── DATA PROVIDED ──

section \<open>Coordinatewise energy distances\<close>

lemma borel_measurable_coordinate_kernel:
  fixes \<gamma> :: "real \<Rightarrow> real"
  assumes "continuous_on {0..} \<gamma>" "k < d"
  shows "(\<lambda>(x, y). \<gamma> (\<bar>x k - y k\<bar>\<^sup>2))
           \<in> borel_measurable (PiM {..<d} (\<lambda>_. lborel) \<Otimes>\<^sub>M PiM {..<d} (\<lambda>_. lborel))"
proof -
  have "continuous_on UNIV (\<lambda>u. \<gamma> (\<bar>u\<bar>\<^sup>2))"
    by (intro continuous_on_compose2[OF assms(1)] continuous_intros) auto
  then have [measurable]: "(\<lambda>u. \<gamma> (\<bar>u\<bar>\<^sup>2)) \<in> borel_measurable borel"
    by (rule borel_measurable_continuous_onI)
  have [measurable]: "(\<lambda>x. x k) \<in> borel_measurable (PiM {..<d} (\<lambda>_. lborel))"
    using assms(2) measurable_component_singleton[of k "{..<d}" "\<lambda>_. lborel"]
    by (simp add: measurable_cong_sets[OF refl sets_lborel])
  show ?thesis
    unfolding split_beta' by measurable
qed

lemma two_sample_kernel_coordinate:
  fixes \<gamma> :: "real \<Rightarrow> real" and F G :: "(nat \<Rightarrow> real) measure" and B :: real
  assumes F: "prob_space F" "sets F = sets (PiM {..<d} (\<lambda>_. lborel))"
    and G: "prob_space G" "sets G = sets (PiM {..<d} (\<lambda>_. lborel))"
    and \<gamma>: "continuous_on {0..} \<gamma>" "\<And>u. 0 \<le> u \<Longrightarrow> 0 \<le> \<gamma> u \<and> \<gamma> u \<le> B" and "0 < B"
    and "k < d"
  shows "two_sample_kernel F G (PiM {..<d} (\<lambda>_. lborel)) (\<lambda>(x, y). \<gamma> (\<bar>x k - y k\<bar>\<^sup>2)) B"
proof (rule two_sample_kernel.intro)
  show "(\<lambda>(x, y). \<gamma> (\<bar>x k - y k\<bar>\<^sup>2))
      \<in> borel_measurable (PiM {..<d} (\<lambda>_. lborel) \<Otimes>\<^sub>M PiM {..<d} (\<lambda>_. lborel))"
    by (rule borel_measurable_coordinate_kernel[OF \<gamma>(1) \<open>k < d\<close>])
  show "0 \<le> (\<lambda>(x, y). \<gamma> (\<bar>x k - y k\<bar>\<^sup>2)) z \<and> (\<lambda>(x, y). \<gamma> (\<bar>x k - y k\<bar>\<^sup>2)) z \<le> B" for z
    unfolding split_beta by (rule \<gamma>(2)) simp
qed (simp_all add: F G \<open>0 < B\<close>)

lemma energy_hat_coord_concat_samples:
  "energy_hat_coord \<gamma> m1 m2 (fst \<omega>) (snd \<omega>) k
     = energy_statistic (\<lambda>(x, y). \<gamma> (\<bar>x k - y k\<bar>\<^sup>2)) m1 m2 (concat_samples m1 m2 \<omega>)"
  by (cases \<omega>)
    (simp add: energy_hat_coord_def energy_statistic_def
      U_cross_def U_within_def concat_samples_def)

lemma energy_coord_eq_energy_mean:
  "energy_coord \<gamma> F G k = energy_mean (\<lambda>(x, y). \<gamma> (\<bar>x k - y k\<bar>\<^sup>2)) F G"
  by (simp add: energy_coord_def energy_mean_def)

lemma energy_coordinate_deviation:
  fixes \<gamma> :: "real \<Rightarrow> real" and F G :: "(nat \<Rightarrow> real) measure" and B q t :: real
  assumes F: "prob_space F" "sets F = sets (PiM {..<d} (\<lambda>_. lborel))"
    and G: "prob_space G" "sets G = sets (PiM {..<d} (\<lambda>_. lborel))"
    and \<gamma>: "continuous_on {0..} \<gamma>" "\<And>u. 0 \<le> u \<Longrightarrow> 0 \<le> \<gamma> u \<and> \<gamma> u \<le> B" and "0 < B"
    and "4 \<le> m1" "4 \<le> m2" "0 < q" "q \<le> m1 / 4" "q \<le> m2 / 4" "0 < t" "k < d"
  defines "P \<equiv> PiM {..<m1 + m2} (\<lambda>i. if i < m1 then F else G)"
    and "\<kappa> \<equiv> \<lambda>(x, y). \<gamma> (\<bar>x k - y k\<bar>\<^sup>2)"
  shows "{z \<in> space P. \<bar>energy_statistic \<kappa> m1 m2 z - energy_mean \<kappa> F G\<bar> > t} \<in> sets P"
    and "measure P {z \<in> space P. \<bar>energy_statistic \<kappa> m1 m2 z - energy_mean \<kappa> F G\<bar> > t}
           \<le> 4 * real (m1 + m2) * exp (- q * t\<^sup>2 / (8 * B\<^sup>2))"
proof -
  have kernel: "two_sample_kernel F G (PiM {..<d} (\<lambda>_. lborel)) \<kappa> B"
    unfolding \<kappa>_def using F G \<gamma> \<open>0 < B\<close> \<open>k < d\<close> by (rule two_sample_kernel_coordinate)
  show "{z \<in> space P. \<bar>energy_statistic \<kappa> m1 m2 z - energy_mean \<kappa> F G\<bar> > t} \<in> sets P"
    using two_sample_kernel.borel_measurable_energy_statistic[OF kernel, of m1 m2]
    unfolding P_def by measurable
  have "measure P {z \<in> space P. \<bar>energy_statistic \<kappa> m1 m2 z - energy_mean \<kappa> F G\<bar> > 4 * (t / 4)}
      \<le> 4 * real (m1 + m2) * exp (- 2 * q * (t / 4)\<^sup>2 / B\<^sup>2)"
    unfolding P_def using assms
    by (intro two_sample_kernel.energy_statistic_deviation[OF kernel]) auto
  also have "- 2 * q * (t / 4)\<^sup>2 / B\<^sup>2 = - q * t\<^sup>2 / (8 * B\<^sup>2)"
    by (simp add: power2_eq_square)
  finally show "measure P {z \<in> space P. \<bar>energy_statistic \<kappa> m1 m2 z - energy_mean \<kappa> F G\<bar> > t}
      \<le> 4 * real (m1 + m2) * exp (- q * t\<^sup>2 / (8 * B\<^sup>2))"
    by simp
qed

definition max_ordstat_error ::
  "(real \<Rightarrow> real) \<Rightarrow> (nat \<Rightarrow> real) measure \<Rightarrow> (nat \<Rightarrow> real) measure \<Rightarrow> nat \<Rightarrow> nat \<Rightarrow> nat
    \<Rightarrow> (nat \<Rightarrow> nat \<Rightarrow> real) \<times> (nat \<Rightarrow> nat \<Rightarrow> real) \<Rightarrow> real" where
  "max_ordstat_error \<gamma> F G d m1 m2 \<omega> = (MAX k\<in>{..<d}.
     \<bar>ordstat (energy_hat_coord \<gamma> m1 m2 (fst \<omega>) (snd \<omega>)) d k - ordstat (energy_coord \<gamma> F G) d k\<bar>)"

lemma max_ordstat_error_bound:
  fixes \<gamma> :: "real \<Rightarrow> real" and F G :: "(nat \<Rightarrow> real) measure" and B q t :: real
  assumes F: "prob_space F" "sets F = sets (PiM {..<d} (\<lambda>_. lborel))"
    and G: "prob_space G" "sets G = sets (PiM {..<d} (\<lambda>_. lborel))"
    and \<gamma>: "continuous_on {0..} \<gamma>" "\<And>u. 0 \<le> u \<Longrightarrow> 0 \<le> \<gamma> u \<and> \<gamma> u \<le> B" and "0 < B"
    and "4 \<le> m1" "4 \<le> m2" "0 < q" "q \<le> m1 / 4" "q \<le> m2 / 4" "0 < t" "0 < d"
  defines "Q \<equiv> PiM {..<m1} (\<lambda>_. F) \<Otimes>\<^sub>M PiM {..<m2} (\<lambda>_. G)"
  shows "measure Q {\<omega> \<in> space Q. max_ordstat_error \<gamma> F G d m1 m2 \<omega> > t}
           \<le> real d * (4 * real (m1 + m2) * exp (- q * t\<^sup>2 / (8 * B\<^sup>2)))"
proof -
  let ?P = "PiM {..<m1 + m2} (\<lambda>i. if i < m1 then F else G)"
  define E where "E k = {z \<in> space ?P. t < \<bar>energy_statistic (\<lambda>(x, y). \<gamma> (\<bar>x k - y k\<bar>\<^sup>2)) m1 m2 z
      - energy_mean (\<lambda>(x, y). \<gamma> (\<bar>x k - y k\<bar>\<^sup>2)) F G\<bar>}" for k
  note E = energy_coordinate_deviation[OF F G \<gamma> \<open>0 < B\<close> assms(8-13), folded E_def]
  note concat = distr_PiM_concat_samples[OF F(1) G(1), of m1 m2, folded Q_def]
  interpret P: prob_space ?P
    using F G by (intro prob_space_PiM) auto
  interpret Q: prob_space Q
    unfolding Q_def using F G by (intro prob_space_pair prob_space_PiM) auto
  have union_sets: "(\<Union>k<d. E k) \<in> sets ?P"
    using E(1) by auto
  have "max_ordstat_error \<gamma> F G d m1 m2 \<omega> \<le> t"
    if "\<omega> \<in> space Q" "concat_samples m1 m2 \<omega> \<notin> (\<Union>k<d. E k)" for \<omega>
  proof -
    have "concat_samples m1 m2 \<omega> \<in> space ?P"
      using measurable_space[OF concat(1) that(1)] .
    then have "\<bar>energy_hat_coord \<gamma> m1 m2 (fst \<omega>) (snd \<omega>) k - energy_coord \<gamma> F G k\<bar> \<le> t"
      if "k < d" for k
      using that \<open>concat_samples m1 m2 \<omega> \<notin> (\<Union>k<d. E k)\<close>
      by (auto simp: E_def energy_hat_coord_concat_samples energy_coord_eq_energy_mean not_less)
    then show ?thesis
      unfolding max_ordstat_error_def using \<open>0 < d\<close>
      by (subst Max_le_iff) (auto intro: ordstat_abs_diff_le)
  qed
  then have "measure Q {\<omega> \<in> space Q. max_ordstat_error \<gamma> F G d m1 m2 \<omega> > t}
      \<le> measure Q (concat_samples m1 m2 -` (\<Union>k<d. E k) \<inter> space Q)"
    by (intro Q.finite_measure_mono measurable_sets[OF concat(1) union_sets]) force
  also have "\<dots> = measure ?P (\<Union>k<d. E k)"
    using measure_distr[OF concat(1) union_sets] by (simp add: concat(2))
  also have "\<dots> \<le> (\<Sum>k<d. measure ?P (E k))"
    using E(1) by (intro P.finite_measure_subadditive_finite) auto
  also have "\<dots> \<le> real d * (4 * real (m1 + m2) * exp (- q * t\<^sup>2 / (8 * B\<^sup>2)))"
    using sum_mono[of "{..<d}", OF E(2)] by simp
  finally show ?thesis .
qed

───

> **THE PROBLEM**: Nothing but the exact lines from the start of the material through the line holding "by (rule borel_measurable_coordinate_kernel[OF", both included, belongs in the answer.

> **OUTPUT OF THE TASK**:
section \<open>Coordinatewise energy distances\<close>

lemma borel_measurable_coordinate_kernel:
  fixes \<gamma> :: "real \<Rightarrow> real"
  assumes "continuous_on {0..} \<gamma>" "k < d"
  shows "(\<lambda>(x, y). \<gamma> (\<bar>x k - y k\<bar>\<^sup>2))
           \<in> borel_measurable (PiM {..<d} (\<lambda>_. lborel) \<Otimes>\<^sub>M PiM {..<d} (\<lambda>_. lborel))"
proof -
  have "continuous_on UNIV (\<lambda>u. \<gamma> (\<bar>u\<bar>\<^sup>2))"
    by (intro continuous_on_compose2[OF assms(1)] continuous_intros) auto
  then have [measurable]: "(\<lambda>u. \<gamma> (\<bar>u\<bar>\<^sup>2)) \<in> borel_measurable borel"
    by (rule borel_measurable_continuous_onI)
  have [measurable]: "(\<lambda>x. x k) \<in> borel_measurable (PiM {..<d} (\<lambda>_. lborel))"
    using assms(2) measurable_component_singleton[of k "{..<d}" "\<lambda>_. lborel"]
    by (simp add: measurable_cong_sets[OF refl sets_lborel])
  show ?thesis
    unfolding split_beta' by measurable
qed

lemma two_sample_kernel_coordinate:
  fixes \<gamma> :: "real \<Rightarrow> real" and F G :: "(nat \<Rightarrow> real) measure" and B :: real
  assumes F: "prob_space F" "sets F = sets (PiM {..<d} (\<lambda>_. lborel))"
    and G: "prob_space G" "sets G = sets (PiM {..<d} (\<lambda>_. lborel))"
    and \<gamma>: "continuous_on {0..} \<gamma>" "\<And>u. 0 \<le> u \<Longrightarrow> 0 \<le> \<gamma> u \<and> \<gamma> u \<le> B" and "0 < B"
    and "k < d"
  shows "two_sample_kernel F G (PiM {..<d} (\<lambda>_. lborel)) (\<lambda>(x, y). \<gamma> (\<bar>x k - y k\<bar>\<^sup>2)) B"
proof (rule two_sample_kernel.intro)
  show "(\<lambda>(x, y). \<gamma> (\<bar>x k - y k\<bar>\<^sup>2))
      \<in> borel_measurable (PiM {..<d} (\<lambda>_. lborel) \<Otimes>\<^sub>M PiM {..<d} (\<lambda>_. lborel))"
    by (rule borel_measurable_coordinate_kernel[OF \<gamma>(1) \<open>k < d\<close>])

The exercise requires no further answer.